Brief: Within the records below, reproduce without change the lines from the line that has "unfolding causal_def by blast" through the line that has "by (rule closure_minimal[rotated])", and only those.

Data to examine:

(* Let $g:[0,1]\to\mathbb{R}$ be non-constant, bounded, Riemann integrable and piecewise continuous, with $g(0)=0$. Here piecewise continuity means that $[0,1]$ can be partitioned into finitely many intervals of positive length on each of which $g$ is continuous. Let $h:[-1,1]\to\mathbb{R}$ be non-constant with $h(x)=0$ for $x\le0$, of bounded total variation, and $\alpha$-Hölder continuous on $[0,1]$ for some $\alpha>0$. Assume moreover that $\inf\{x:h(x)\ne0\}=0$. Then $$\sup_{0\le t\le1}\Big|\int_0^1h(x-t)g(x)\,dx-\int_0^1g(x)\,dx\int_0^1h(x-t)\,dx\Big|>0.$$ *)

theory Defs
  imports "HOL-Analysis.Analysis" "HOL-Library.Disjoint_Sets"
begin

definition riemann_integrable_on :: "(real \<Rightarrow> real) \<Rightarrow> real \<Rightarrow> real \<Rightarrow> bool" where
  "riemann_integrable_on f a b \<longleftrightarrow>
     (\<exists>I. \<forall>e>0. \<exists>\<delta>>0. \<forall>p. p tagged_division_of {a..b} \<and> (\<lambda>x. ball x \<delta>) fine p \<longrightarrow>
        \<bar>(\<Sum>(x,K)\<in>p. Henstock_Kurzweil_Integration.content K * f x) - I\<bar> < e)"

definition piecewise_continuous_on :: "(real \<Rightarrow> real) \<Rightarrow> real \<Rightarrow> real \<Rightarrow> bool" where
  "piecewise_continuous_on f a b \<longleftrightarrow>
     (\<exists>\<I>. finite \<I> \<and> disjoint \<I> \<and> \<Union>\<I> = {a..b} \<and>
        (\<forall>I\<in>\<I>. is_interval I \<and> (\<exists>x\<in>I. \<exists>y\<in>I. x < y) \<and> continuous_on I f))"

definition bounded_variation_on :: "(real \<Rightarrow> real) \<Rightarrow> real \<Rightarrow> real \<Rightarrow> bool" where
  "bounded_variation_on f a b \<longleftrightarrow>
     (\<exists>M. \<forall>(n::nat) (x::nat \<Rightarrow> real). x 0 = a \<and> x n = b \<and> (\<forall>i<n. x i \<le> x (Suc i)) \<longrightarrow>
        (\<Sum>i<n. \<bar>f (x (Suc i)) - f (x i)\<bar>) \<le> M)"

definition holder_continuous_on :: "real \<Rightarrow> real set \<Rightarrow> (real \<Rightarrow> real) \<Rightarrow> bool" where
  "holder_continuous_on \<alpha> S f \<longleftrightarrow>
     (\<exists>C. \<forall>x\<in>S. \<forall>y\<in>S. \<bar>f x - f y\<bar> \<le> C * \<bar>x - y\<bar> powr \<alpha>)"

end

theory Submission
  imports Defs "HOL-Real_Asymp.Real_Asymp"
begin

(* Extend h to the continuous function phi x = h (max 0 (min x 1)), which vanishes on (-oo, 0],
   and put k = g - int_0^1 g.  If the supremum were 0, every translate phi (. - t), 0 <= t <= 1,
   would be orthogonal to k on [0, 1].  Integrating by parts against a primitive of phi turns
   this into the vanishing on (-oo, 1] of the convolution of phi with the continuous function
   v |-> int_(1-v)^1 k.  As phi does not vanish identically near 0, Titchmarsh's convolution
   theorem gives int_x^1 k = 0 for all x in [0, 1]; so k vanishes at its points of continuity,
   and g is constant because it is piecewise continuous.

   Titchmarsh's theorem is proved along Mikusinski's lines.  For squares, conv p p = 0 on
   [0, 2c] bounds the exponential moments int e^(n v) p(c/2 - v) dv uniformly in n, which forces
   p = 0 on [0, c/2] and, by a supremum argument, on [0, c].  The identity
   t (f * g) = (t f) * g + f * (t g) reduces the general case to squares and shows that all
   weighted convolutions (t^j f) * (t^k g) vanish; hence all moments of s |-> f s g (t - s)
   vanish, and Weierstrass approximation gives f s g (t - s) = 0. *)

section \<open>Convolution of causal functions\<close>

definition causal :: "(real \<Rightarrow> real) \<Rightarrow> bool" where
  "causal f \<longleftrightarrow> continuous_on UNIV f \<and> (\<forall>x\<le>0. f x = 0)"

definition conv :: "(real \<Rightarrow> real) \<Rightarrow> (real \<Rightarrow> real) \<Rightarrow> real \<Rightarrow> real" where
  "conv f g t = integral {0..t} (\<lambda>u. f u * g (t - u))"

lemma causal_zero: "causal f \<Longrightarrow> x \<le> 0 \<Longrightarrow> f x = 0"
  unfolding causal_def by blast

lemma causal_continuous_on: "causal f \<Longrightarrow> continuous_on S f"
  unfolding causal_def using continuous_on_subset by blast

lemma continuous_on_causal:
  "causal f \<Longrightarrow> continuous_on S g \<Longrightarrow> continuous_on S (\<lambda>x. f (g x))"
  unfolding causal_def by (auto intro: continuous_on_compose2[of UNIV f])

lemma causal_mult_power: "causal f \<Longrightarrow> causal (\<lambda>x. x ^ j * f x)"
  unfolding causal_def by (auto intro!: continuous_intros)

lemma causal_shift:
  assumes "causal p" "\<And>x. x \<le> a \<Longrightarrow> p x = 0" "0 \<le> a"
  shows "causal (\<lambda>x. p (x + a))"
proof -
  have "continuous_on UNIV (\<lambda>x. p (x + a))"
    by (intro continuous_on_causal[OF assms(1)] continuous_intros)
  then show ?thesis using assms by (simp add: causal_def)
qed

lemma integrable_conv_integrand:
  assumes "causal f" "causal g"
  shows "(\<lambda>u. f u * g (t - u)) integrable_on {a..b}"
  by (intro integrable_continuous_real continuous_intros causal_continuous_on[OF assms(1)]
      continuous_on_causal[OF assms(2)])

lemma continuous_zero_below_imp_zero_le:
  fixes p :: "real \<Rightarrow> real"
  assumes "continuous_on UNIV p" "\<And>x. x < a \<Longrightarrow> p x = 0" "x \<le> a"
  shows "p x = 0"
proof -
  have "closed {x. p x = 0}"
    using continuous_closed_preimage_constant[OF assms(1) closed_UNIV, of 0] by simp
  moreover have "{..<a} \<subseteq> {x. p x = 0}" using assms(2) by auto
  ultimately have "closure {..<a} \<subseteq> {x. p x = 0}" by (rule closure_minimal[rotated])
  then show ?thesis using assms(3) by auto
qed

lemma integral_zero_left:
  fixes \<psi> :: "real \<Rightarrow> real"
  assumes "c \<le> a" "a \<le> d" "\<psi> integrable_on {c..d}" "\<And>x. x \<in> {c..a} \<Longrightarrow> \<psi> x = 0"
  shows "integral {c..d} \<psi> = integral {a..d} \<psi>"
proof -
  have "integral {c..a} \<psi> = integral {c..a} (\<lambda>_. 0)"
    by (rule integral_cong) (use assms in auto)
  then show ?thesis
    using Henstock_Kurzweil_Integration.integral_combine[where a=c and c=a and b=d and f=\<psi>] assms
    by simp
qed

lemma integral_zero_outside:
  fixes \<psi> :: "real \<Rightarrow> real"
  assumes "c \<le> a" "a \<le> b" "b \<le> d" "\<psi> integrable_on {c..d}"
    "\<And>x. x \<in> {c..a} \<Longrightarrow> \<psi> x = 0" "\<And>x. x \<in> {b..d} \<Longrightarrow> \<psi> x = 0"
  shows "integral {c..d} \<psi> = integral {a..b} \<psi>"
proof -
  have "\<psi> integrable_on {a..d}"
    by (rule integrable_subinterval_real[OF assms(4)]) (use assms in auto)
  moreover have "integral {b..d} \<psi> = integral {b..d} (\<lambda>_. 0)"
    by (rule integral_cong) (use assms in auto)
  ultimately show ?thesis
    using integral_zero_left[of c a d \<psi>] assms
      Henstock_Kurzweil_Integration.integral_combine[where a=a and c=b and b=d and f=\<psi>]
    by simp
qed

lemma integral_shift_ivl:
  fixes F :: "real \<Rightarrow> real"
  shows "integral {a..b} F = integral {a - c..b - c} (\<lambda>x. F (x + c))"
  using integral_shift_real_ivl[of a c b F] by simp

lemma integral_reflect_ivl:
  fixes F :: "real \<Rightarrow> real"
  shows "integral {0..a} (\<lambda>v. F (a - v)) = integral {0..a} F"
proof -
  have "integral {0..a} (\<lambda>v. F (a - v)) = integral {-a..0} (\<lambda>x. F (-x))"
    using integral_shift_ivl[of "-a" 0 "\<lambda>x. F (-x)" "-a"] by simp
  then show ?thesis
    using Henstock_Kurzweil_Integration.integral_reflect_real[of a 0 F] by simp
qed

lemma conv_nonpos: "causal f \<Longrightarrow> t \<le> 0 \<Longrightarrow> conv f g t = 0"
proof -
  assume "causal f" "t \<le> 0"
  then have "integral {0..t} (\<lambda>u. f u * g (t - u)) = integral {0..t} (\<lambda>_. 0)"
    by (intro integral_cong) (auto simp: causal_zero)
  then show ?thesis by (simp add: conv_def)
qed

lemma conv_eq_integral_upto:
  assumes "causal f" "causal g" "t \<le> T" "0 \<le> T"
  shows "conv f g t = integral {0..T} (\<lambda>u. f u * g (t - u))"
proof (cases "t < 0")
  case True
  have "integral {0..T} (\<lambda>u. f u * g (t - u)) = integral {0..T} (\<lambda>_. 0)"
    by (rule integral_cong) (use assms True causal_zero[of g] in auto)
  then show ?thesis using True by (simp add: conv_def)
next
  case False
  have "integral {0..T} (\<lambda>u. f u * g (t - u)) = integral {0..t} (\<lambda>u. f u * g (t - u))"
    by (rule integral_zero_outside[OF _ _ _ integrable_conv_integrand[OF assms(1,2)]])
       (use assms False causal_zero[of g] causal_zero[of f] in auto)
  then show ?thesis by (simp add: conv_def)
qed

lemma causal_conv:
  assumes "causal f" "causal g"
  shows "causal (conv f g)"
proof -
  have "isCont (conv f g) x0" for x0
  proof -
    define T where "T = \<bar>x0\<bar> + 1"
    have "continuous_on (UNIV \<times> cbox 0 T) (\<lambda>(t, u). f u * g (t - u))"
      unfolding case_prod_beta'
      by (intro continuous_intros continuous_on_causal[OF assms(1)] continuous_on_causal[OF assms(2)])
    then have "continuous_on UNIV (\<lambda>t. integral (cbox 0 T) (\<lambda>u. f u * g (t - u)))"
      by (rule integral_continuous_on_param)
    then have "continuous_on {..<T} (\<lambda>t. integral {0..T} (\<lambda>u. f u * g (t - u)))"
      by (auto intro: continuous_on_subset)
    moreover have "integral {0..T} (\<lambda>u. f u * g (t - u)) = conv f g t" if "t \<in> {..<T}" for t
      using conv_eq_integral_upto[OF assms, of t T] that by (simp add: T_def)
    ultimately have "continuous_on {..<T} (conv f g)"
      by (rule continuous_on_cong[THEN iffD1, OF refl, rotated])
    then show ?thesis
      using continuous_on_eq_continuous_at[of "{..<T}" "conv f g"] by (simp add: T_def)
  qed
  then show ?thesis
    using conv_nonpos[OF assms(1)] by (simp add: causal_def continuous_at_imp_continuous_on)
qed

Response to this task:
  unfolding causal_def by blast

lemma causal_continuous_on: "causal f \<Longrightarrow> continuous_on S f"
  unfolding causal_def using continuous_on_subset by blast

lemma continuous_on_causal:
  "causal f \<Longrightarrow> continuous_on S g \<Longrightarrow> continuous_on S (\<lambda>x. f (g x))"
  unfolding causal_def by (auto intro: continuous_on_compose2[of UNIV f])

lemma causal_mult_power: "causal f \<Longrightarrow> causal (\<lambda>x. x ^ j * f x)"
  unfolding causal_def by (auto intro!: continuous_intros)

lemma causal_shift:
  assumes "causal p" "\<And>x. x \<le> a \<Longrightarrow> p x = 0" "0 \<le> a"
  shows "causal (\<lambda>x. p (x + a))"
proof -
  have "continuous_on UNIV (\<lambda>x. p (x + a))"
    by (intro continuous_on_causal[OF assms(1)] continuous_intros)
  then show ?thesis using assms by (simp add: causal_def)
qed

lemma integrable_conv_integrand:
  assumes "causal f" "causal g"
  shows "(\<lambda>u. f u * g (t - u)) integrable_on {a..b}"
  by (intro integrable_continuous_real continuous_intros causal_continuous_on[OF assms(1)]
      continuous_on_causal[OF assms(2)])

lemma continuous_zero_below_imp_zero_le:
  fixes p :: "real \<Rightarrow> real"
  assumes "continuous_on UNIV p" "\<And>x. x < a \<Longrightarrow> p x = 0" "x \<le> a"
  shows "p x = 0"
proof -
  have "closed {x. p x = 0}"
    using continuous_closed_preimage_constant[OF assms(1) closed_UNIV, of 0] by simp
  moreover have "{..<a} \<subseteq> {x. p x = 0}" using assms(2) by auto
  ultimately have "closure {..<a} \<subseteq> {x. p x = 0}" by (rule closure_minimal[rotated])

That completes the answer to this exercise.